▸ **ASSIGNMENT**:
Below are some records; output exactly the lines from the line with "unfolding poisson_kernel_def by measurable" to the line with "(poisson_kernel z \<zeta>))", both ends kept, and nothing more.

━━━ STORED DATA

lemma dual_pairing_balayage:
  assumes \<mu>: "sets \<mu> = sets borel" "sigma_finite_measure \<mu>" "emeasure \<mu> (- ball 0 1) = 0"
    and w: "integrable circle_measure w" "AE \<zeta> in circle_measure. 0 \<le> w \<zeta>"
  shows "dual_pairing (balayage \<mu>) w = (\<integral>\<^sup>+z. ennreal (poisson_integral w z) \<partial>\<mu>)"
proof -
  interpret pair_sigma_finite \<mu> circle_measure
    using \<mu>(2) by (simp add: pair_sigma_finite_def circle.sigma_finite_measure_axioms)
  have [measurable]: "w \<in> borel_measurable borel"
    using borel_measurable_integrable[OF w(1)] by simp
  have "sets (\<mu> \<Otimes>\<^sub>M circle_measure) = sets (borel \<Otimes>\<^sub>M borel)"
    using \<mu>(1) by (intro sets_pair_measure_cong) auto
  moreover have "(\<lambda>(z, \<zeta>). ennreal (poisson_kernel z \<zeta> * \<bar>w \<zeta>\<bar>)) \<in> borel_measurable (borel \<Otimes>\<^sub>M borel)"
    unfolding poisson_kernel_def by measurable
  ultimately have joint: "(\<lambda>(z, \<zeta>). ennreal (poisson_kernel z \<zeta> * \<bar>w \<zeta>\<bar>))
      \<in> borel_measurable (\<mu> \<Otimes>\<^sub>M circle_measure)"
    by (subst measurable_cong_sets) auto
  have kernel: "(\<lambda>z. ennreal (poisson_kernel z \<zeta>)) \<in> borel_measurable \<mu>" for \<zeta>
    using \<mu>(1) unfolding poisson_kernel_def by (subst measurable_cong_sets) auto
  have "AE z in \<mu>. z \<notin> - ball 0 1"
    using \<mu> by (intro AE_not_in) (auto simp: null_sets_def)
  then have disc: "AE z in \<mu>. cmod z < 1"
    by simp
  have "dual_pairing (balayage \<mu>) w
      = (\<integral>\<^sup>+\<zeta>. \<integral>\<^sup>+z. ennreal (poisson_kernel z \<zeta> * \<bar>w \<zeta>\<bar>) \<partial>\<mu> \<partial>circle_measure)"
    unfolding dual_pairing_def balayage_def
    by (simp add: nn_integral_cmult[OF kernel, symmetric] ennreal_mult'' mult.commute)
  also have "\<dots> = (\<integral>\<^sup>+z. \<integral>\<^sup>+\<zeta>. ennreal (poisson_kernel z \<zeta> * \<bar>w \<zeta>\<bar>) \<partial>circle_measure \<partial>\<mu>)"
    using joint by (rule Fubini')
  also have "\<dots> = (\<integral>\<^sup>+z. ennreal (poisson_integral w z) \<partial>\<mu>)"
    using disc
  proof (intro nn_integral_cong_AE, eventually_elim)
    case (elim z)
    have "AE \<zeta> in circle_measure. poisson_kernel z \<zeta> * \<bar>w \<zeta>\<bar> = poisson_kernel z \<zeta> * w \<zeta>"
      using w(2) by eventually_elim simp
    then have "(\<integral>\<zeta>. poisson_kernel z \<zeta> * \<bar>w \<zeta>\<bar> \<partial>circle_measure) = poisson_integral w z"
      unfolding poisson_integral_def
      by (intro integral_cong_AE) (auto simp: poisson_kernel_def)
    moreover have "integrable circle_measure (\<lambda>\<zeta>. poisson_kernel z \<zeta> * \<bar>w \<zeta>\<bar>)"
      using elim w(1) by (intro integrable_poisson_kernel_mult integrable_abs)
    ultimately show ?case
      using elim poisson_kernel_nonneg[of z]
      by (subst nn_integral_eq_integral) auto
  qed
  finally show ?thesis .
qed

━━━━━━

▸ **RESPONSE TO THIS EXERCISE**:
    unfolding poisson_kernel_def by measurable
  ultimately have joint: "(\<lambda>(z, \<zeta>). ennreal (poisson_kernel z \<zeta> * \<bar>w \<zeta>\<bar>))
      \<in> borel_measurable (\<mu> \<Otimes>\<^sub>M circle_measure)"
    by (subst measurable_cong_sets) auto
  have kernel: "(\<lambda>z. ennreal (poisson_kernel z \<zeta>)) \<in> borel_measurable \<mu>" for \<zeta>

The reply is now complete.